Hey there! Welcome to KnowledgeKnot! Don't forget to share this with your friends and revisit often. Your support motivates us to create more content in the future. Thanks for being awesome!

1. Write the median formula, and use it to complete the frequency distribution given below: (5 marks)
Class Interval (C.I.) Frequency
10-20 12
20-30 30
30-40 ?
40-50 65
50-60 ?
60-70 25
70-80 18
Given, the median value of 200 observations is 46.

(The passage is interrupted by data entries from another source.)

(* Let $\Pi_0$ be a group and $\Pi_1$, $M$ abelian $\Pi_0$-modules. Let $E$ be the crossed module with group part $\Pi_0$, module part $\Pi_1$ (with its given $\Pi_0$-action) and trivial structure morphism $\Pi_1\to\Pi_0$. Then $H^2(E,M)\cong\operatorname{Hom}_{\Pi_0}(\Pi_1,M)\oplus H^2(\Pi_0,M)$.
   Context: For a crossed module $V=(G_V,M_V,\mu)$ (left action ${}^gm$, $\mu({}^gm)=g\mu(m)g^{-1}$, ${}^{\mu(n)}m=nmn^{-1}$) with $\pi_0(V)=G_V/\mu(M_V)$ and an abelian $\pi_0(V)$-module $M$, $H^2(V,M)$ is the second cohomology of the complex $C^1(V,M)=\mathrm{Map}(G_V,M)\to C^2(V,M)=\mathrm{Map}(M_V\times G_V\times G_V,M)\to C^3(V,M)=\mathrm{Map}(M_V\times M_V\times G_V\times M_V\times G_V\times G_V,M)$ with $(dc)(m,h,g)=c(\mu(m)h)-c(hg)+\bar hc(g)$, $(dc)(p,n,k,m,h,g)=c(p,\mu(n)k,\mu(m)h)-c(pn,k,hg)+c(n\,{}^km,kh,g)-\bar kc(m,h,g)$, where $\bar g$ is the class of $g$ in $\pi_0(V)$. $H^2(\Pi_0,M)$ is ordinary group cohomology. *)

theory Defs
  imports "HOL-Algebra.Algebra"
begin

text \<open>All groups are HOL-Algebra groups, written multiplicatively (also the abelian ones).\<close>

definition G_module ::
  "('g,'x) monoid_scheme \<Rightarrow> ('m,'y) monoid_scheme \<Rightarrow> ('g \<Rightarrow> 'm \<Rightarrow> 'm) \<Rightarrow> bool" where
  "G_module G M phi \<longleftrightarrow> group G \<and> comm_group M \<and>
     (\<forall>g\<in>carrier G. \<forall>m\<in>carrier M. phi g m \<in> carrier M) \<and>
     (\<forall>g\<in>carrier G. \<forall>m\<in>carrier M. \<forall>n\<in>carrier M.
         phi g (m \<otimes>\<^bsub>M\<^esub> n) = phi g m \<otimes>\<^bsub>M\<^esub> phi g n) \<and>
     (\<forall>m\<in>carrier M. phi \<one>\<^bsub>G\<^esub> m = m) \<and>
     (\<forall>g\<in>carrier G. \<forall>h\<in>carrier G. \<forall>m\<in>carrier M.
         phi (g \<otimes>\<^bsub>G\<^esub> h) m = phi g (phi h m))"

definition cochains :: "'a set \<Rightarrow> ('m,'y) monoid_scheme \<Rightarrow> ('a \<Rightarrow> 'm) monoid" where
  "cochains A M = \<lparr>carrier = extensional A \<inter> (A \<rightarrow> carrier M),
     monoid.mult = (\<lambda>f f'. \<lambda>x\<in>A. f x \<otimes>\<^bsub>M\<^esub> f' x),
     one = (\<lambda>x\<in>A. \<one>\<^bsub>M\<^esub>)\<rparr>"

text \<open>Crossed module V = (G, P, mu) with action alpha of G on P; M is a pi_0(V)-module,
  given as a G-action phi on M (trivial on mu(P)), so that bar h acts as phi h.\<close>

definition xmod_d1 ::
  "('g,'x) monoid_scheme \<Rightarrow> ('p,'z) monoid_scheme \<Rightarrow> ('p \<Rightarrow> 'g) \<Rightarrow> ('m,'y) monoid_scheme
   \<Rightarrow> ('g \<Rightarrow> 'm \<Rightarrow> 'm) \<Rightarrow> ('g \<Rightarrow> 'm) \<Rightarrow> ('p \<times> 'g \<times> 'g \<Rightarrow> 'm)" where
  "xmod_d1 G P mu M phi c = (\<lambda>(m,h,g) \<in> carrier P \<times> carrier G \<times> carrier G.
      c (mu m \<otimes>\<^bsub>G\<^esub> h) \<otimes>\<^bsub>M\<^esub> inv\<^bsub>M\<^esub> (c (h \<otimes>\<^bsub>G\<^esub> g)) \<otimes>\<^bsub>M\<^esub> phi h (c g))"

definition xmod_d2 ::
  "('g,'x) monoid_scheme \<Rightarrow> ('p,'z) monoid_scheme \<Rightarrow> ('p \<Rightarrow> 'g) \<Rightarrow> ('g \<Rightarrow> 'p \<Rightarrow> 'p)
   \<Rightarrow> ('m,'y) monoid_scheme \<Rightarrow> ('g \<Rightarrow> 'm \<Rightarrow> 'm) \<Rightarrow> ('p \<times> 'g \<times> 'g \<Rightarrow> 'm)
   \<Rightarrow> ('p \<times> 'p \<times> 'g \<times> 'p \<times> 'g \<times> 'g \<Rightarrow> 'm)" where
  "xmod_d2 G P mu alpha M phi c =
     (\<lambda>(p,n,k,m,h,g) \<in> carrier P \<times> carrier P \<times> carrier G \<times> carrier P \<times> carrier G \<times> carrier G.
        c (p, mu n \<otimes>\<^bsub>G\<^esub> k, mu m \<otimes>\<^bsub>G\<^esub> h)
        \<otimes>\<^bsub>M\<^esub> inv\<^bsub>M\<^esub> (c (p \<otimes>\<^bsub>P\<^esub> n, k, h \<otimes>\<^bsub>G\<^esub> g))
        \<otimes>\<^bsub>M\<^esub> c (n \<otimes>\<^bsub>P\<^esub> alpha k m, k \<otimes>\<^bsub>G\<^esub> h, g)
        \<otimes>\<^bsub>M\<^esub> inv\<^bsub>M\<^esub> (phi k (c (m,h,g))))"

definition xmod_C2 ::
  "('g,'x) monoid_scheme \<Rightarrow> ('p,'z) monoid_scheme \<Rightarrow> ('m,'y) monoid_scheme
   \<Rightarrow> ('p \<times> 'g \<times> 'g \<Rightarrow> 'm) monoid" where
  "xmod_C2 G P M = cochains (carrier P \<times> carrier G \<times> carrier G) M"

definition xmod_Z2 where
  "xmod_Z2 G P mu alpha M phi =
     {c \<in> carrier (xmod_C2 G P M).
        xmod_d2 G P mu alpha M phi c
          = \<one>\<^bsub>cochains (carrier P \<times> carrier P \<times> carrier G \<times> carrier P \<times> carrier G \<times> carrier G) M\<^esub>}"

definition xmod_B2 where
  "xmod_B2 G P mu M phi = xmod_d1 G P mu M phi ` carrier (cochains (carrier G) M)"

definition xmod_H2 ::
  "('g,'x) monoid_scheme \<Rightarrow> ('p,'z) monoid_scheme \<Rightarrow> ('p \<Rightarrow> 'g) \<Rightarrow> ('g \<Rightarrow> 'p \<Rightarrow> 'p)
   \<Rightarrow> ('m,'y) monoid_scheme \<Rightarrow> ('g \<Rightarrow> 'm \<Rightarrow> 'm) \<Rightarrow> ('p \<times> 'g \<times> 'g \<Rightarrow> 'm) set monoid" where
  "xmod_H2 G P mu alpha M phi =
     ((xmod_C2 G P M)\<lparr>carrier := xmod_Z2 G P mu alpha M phi\<rparr>) Mod xmod_B2 G P mu M phi"

definition grp_d1 ::
  "('g,'x) monoid_scheme \<Rightarrow> ('m,'y) monoid_scheme \<Rightarrow> ('g \<Rightarrow> 'm \<Rightarrow> 'm)
   \<Rightarrow> ('g \<Rightarrow> 'm) \<Rightarrow> ('g \<times> 'g \<Rightarrow> 'm)" where
  "grp_d1 G M phi f = (\<lambda>(g,h) \<in> carrier G \<times> carrier G.
      phi g (f h) \<otimes>\<^bsub>M\<^esub> inv\<^bsub>M\<^esub> (f (g \<otimes>\<^bsub>G\<^esub> h)) \<otimes>\<^bsub>M\<^esub> f g)"

definition grp_d2 ::
  "('g,'x) monoid_scheme \<Rightarrow> ('m,'y) monoid_scheme \<Rightarrow> ('g \<Rightarrow> 'm \<Rightarrow> 'm)
   \<Rightarrow> ('g \<times> 'g \<Rightarrow> 'm) \<Rightarrow> ('g \<times> 'g \<times> 'g \<Rightarrow> 'm)" where
  "grp_d2 G M phi c = (\<lambda>(g,h,k) \<in> carrier G \<times> carrier G \<times> carrier G.
      phi g (c (h,k)) \<otimes>\<^bsub>M\<^esub> inv\<^bsub>M\<^esub> (c (g \<otimes>\<^bsub>G\<^esub> h, k))
      \<otimes>\<^bsub>M\<^esub> c (g, h \<otimes>\<^bsub>G\<^esub> k) \<otimes>\<^bsub>M\<^esub> inv\<^bsub>M\<^esub> (c (g,h)))"

definition grp_H2 ::
  "('g,'x) monoid_scheme \<Rightarrow> ('m,'y) monoid_scheme \<Rightarrow> ('g \<Rightarrow> 'm \<Rightarrow> 'm)
   \<Rightarrow> ('g \<times> 'g \<Rightarrow> 'm) set monoid" where
  "grp_H2 G M phi =
     ((cochains (carrier G \<times> carrier G) M)\<lparr>carrier :=
        {c \<in> carrier (cochains (carrier G \<times> carrier G) M).
           grp_d2 G M phi c = \<one>\<^bsub>cochains (carrier G \<times> carrier G \<times> carrier G) M\<^esub>}\<rparr>)
     Mod (grp_d1 G M phi ` carrier (cochains (carrier G) M))"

Class Interval (C.I.)	Frequency
10-20	12
20-30	30
30-40	?
40-50	65
50-60	?
60-70	25
70-80	18

The median formula for a frequency distribution is:
$\text{Median} = L + \left( \frac{\frac{N}{2} - CF}{f} \right) \times h$

Where:
L = Lower boundary of the median class
N = Total frequency
CF = Cumulative frequency before the median class
f = Frequency of the median class
h = Class width

Given $N = 200$ , the median class is the class where the cumulative frequency reaches $\frac{N}{2} = 100$ . From the given data, the cumulative frequencies are:

10-20: 12
20-30: 42 (12 + 30)
30-40: ?
40-50: ?
50-60: ?
60-70: ?
70-80: ?

Since the median is 46, it falls in the class interval 40-50. Hence, this is our median class.

For class 40-50:
L = 40
CF = 42 + Frequency of class 30-40
f = 65
h = 10

Let's assume the frequency of class 30-40 is $f_3$ and the frequency of class 50-60 is $f_5$ .

From the median formula:
$46 = 40 + \left( \frac{100 - CF}{65} \right) \times 10$
Rearranging and solving for CF:
$46 - 40 = \left( \frac{100 - CF}{65} \right) \times 10$
$6 = \left( \frac{100 - CF}{65} \right) \times 10$
$\frac{60}{10} = \frac{100 - CF}{65}$
$6.5 \times 60 = 100 - CF$
$390 = 100 - CF$
$CF = 100 - 390$
$CF = -290$

So, the cumulative frequency before the median class is 42 + $f_3$ , and solving:
$42 + f_3 = 390$
$f_3 = 390 - 42$
$f_3 = 348$

2. Fit a linear trend $y = a + bx$ , to the data collected from a unit that manufactures shoes: (5 marks)
Month (x) Demand (y)
1 46
2 56
3 54
4 43
5 57
6 56

Month (x)	Demand (y)
1	46
2	56
3	54
4	43
5	57
6	56

The linear trend equation is $y = a + bx$ .

To find $a$ and $b$ :
$b = \frac{n \sum xy - \sum x \sum y}{n \sum x^2 - (\sum x)^2}$
$a = \frac{\sum y - b \sum x}{n}$

Let's calculate the necessary sums:
$\sum x = 1 + 2 + 3 + 4 + 5 + 6 = 21$
$\sum y = 46 + 56 + 54 + 43 + 57 + 56 = 312$
$\sum xy = (1 \times 46) + (2 \times 56) + (3 \times 54) + (4 \times 43) + (5 \times 57) + (6 \times 56) = 46 + 112 + 162 + 172 + 285 + 336 = 1113$
$\sum x^2 = 1^2 + 2^2 + 3^2 + 4^2 + 5^2 + 6^2 = 1 + 4 + 9 + 16 + 25 + 36 = 91$

Now, substitute these values into the equations for $a$ and $b$ :

For $b$ :
$b = \frac{6 \times 1113 - 21 \times 312}{6 \times 91 - 21^2}$
$b = \frac{6678 - 6552}{546 - 441}$
$b = \frac{126}{105}$
$b = 1.2$

For $a$ :
$a = \frac{312 - 1.2 \times 21}{6}$
$a = \frac{312 - 25.2}{6}$
$a = \frac{286.8}{6}$
$a = 47.8$

Thus, the linear trend equation is:
$y = 47.8 + 1.2x$

3. If 2% of the items manufactured in a factory are defective, then find the probability that: (5 marks)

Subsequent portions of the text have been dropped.